**Extracted entries**.
lemma branch_degree_conditions:
  assumes "finite X" "r \<in> X" "u \<in> neighbours E X r"
    and "\<forall>w\<in>X - {r}. card (neighbours E X w) \<noteq> 2"
  shows "card (neighbours E (branch E X r u) u) \<noteq> 1"
    and "\<forall>w\<in>branch E X r u - {u}. card (neighbours E (branch E X r u) w) \<noteq> 2"
proof -
  have u_branch: "u \<in> branch E X r u" using assms(3) by (rule root_in_branch)
  then have "u \<in> X - {r}" using branch_subset[of E X r u] by blast
  have "r \<in> neighbours E X u"
    using assms(2,3) by (simp add: neighbours_def insert_commute)
  then have "card (neighbours E X u - {r}) = card (neighbours E X u) - 1"
    "card (neighbours E X u) \<noteq> 0"
    using finite_neighbours[OF assms(1)] by auto
  moreover have "card (neighbours E X u) \<noteq> 2" using assms(4) \<open>u \<in> X - {r}\<close> by blast
  ultimately show "card (neighbours E (branch E X r u) u) \<noteq> 1"
    unfolding neighbours_branch[OF u_branch] by linarith
  show "\<forall>w\<in>branch E X r u - {u}. card (neighbours E (branch E X r u) w) \<noteq> 2"
    using neighbours_branch_nonroot[OF assms(3)] assms(4) branch_subset[of E X r u] by auto
qed

(* The second bound is the exponential growth 2^((|X| + 1)/2) - 1 of the number of subtrees
   through r, squared to stay in nat. *)
lemma rooted_subtree_bounds:
  assumes "finite X" "connected_in E X" "r \<in> X" "card (neighbours E X r) \<noteq> 1"
    and "\<forall>w\<in>X - {r}. card (neighbours E X w) \<noteq> 2"
  shows "card (subtrees X E) \<le> 2 * card (subtrees_containing X E r) \<and>
         2 ^ (card X + 1) \<le> (1 + card (subtrees_containing X E r))^2"
  using assms
proof (induction "card X" arbitrary: X r rule: less_induct)
  case less
  let ?U = "neighbours E X r"
  define a where "a u = card (subtrees_containing (branch E X r u) E u)" for u
  define b where "b u = card (subtrees (branch E X r u) E)" for u
  define m where "m u = card (branch E X r u)" for u
  have branch_bounds: "\<forall>u\<in>?U. b u \<le> 2 * a u \<and> 2 ^ (m u + 1) \<le> (1 + a u)^2"
  proof
    fix u assume u: "u \<in> ?U"
    have "branch E X r u \<subset> X"
      using branch_subset[of E X r u] less.prems(3) by blast
    then have "card (branch E X r u) < card X"
      by (rule psubset_card_mono[OF less.prems(1)])
    from less.hyps[OF this finite_branch[OF less.prems(1)] connected_branch[OF u]
        root_in_branch[OF u] branch_degree_conditions[OF less.prems(1,3) u less.prems(5)]]
    show "b u \<le> 2 * a u \<and> 2 ^ (m u + 1) \<le> (1 + a u)^2" unfolding a_def b_def m_def .
  qed
  have "subtrees X E = subtrees_containing X E r \<union> {S\<in>subtrees X E. r \<notin> S}" by blast
  then have "card (subtrees X E) \<le> card (subtrees_containing X E r) + card {S\<in>subtrees X E. r \<notin> S}"
    by (rule ord_eq_le_trans[OF arg_cong[where f = card] card_Un_le])
  then have total: "card (subtrees X E) \<le> card (subtrees_containing X E r) + (\<Sum>u\<in>?U. b u)"
    using card_subtrees_avoiding_le[OF less.prems(1-3)] unfolding b_def by linarith
  have through: "(\<Prod>u\<in>?U. 1 + a u) \<le> card (subtrees_containing X E r)"
    unfolding a_def by (rule prod_Suc_card_subtrees_branch_le[OF less.prems(1,3)])
  have size: "card X \<le> 1 + (\<Sum>u\<in>?U. m u)"
    unfolding m_def by (rule card_le_Suc_sum_card_branch[OF less.prems(1-3)])
  show ?case
    by (rule rooted_bounds_from_branches[OF finite_neighbours[OF less.prems(1)] less.prems(4)
          branch_bounds total through size])
qed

**What you are asked to do**. Each line in the listing where the word "assms" is found is to be copied.

**Response**.
  have u_branch: "u \<in> branch E X r u" using assms(3) by (rule root_in_branch)
    using assms(2,3) by (simp add: neighbours_def insert_commute)
    using finite_neighbours[OF assms(1)] by auto
  moreover have "card (neighbours E X u) \<noteq> 2" using assms(4) \<open>u \<in> X - {r}\<close> by blast
    using neighbours_branch_nonroot[OF assms(3)] assms(4) branch_subset[of E X r u] by auto
  using assms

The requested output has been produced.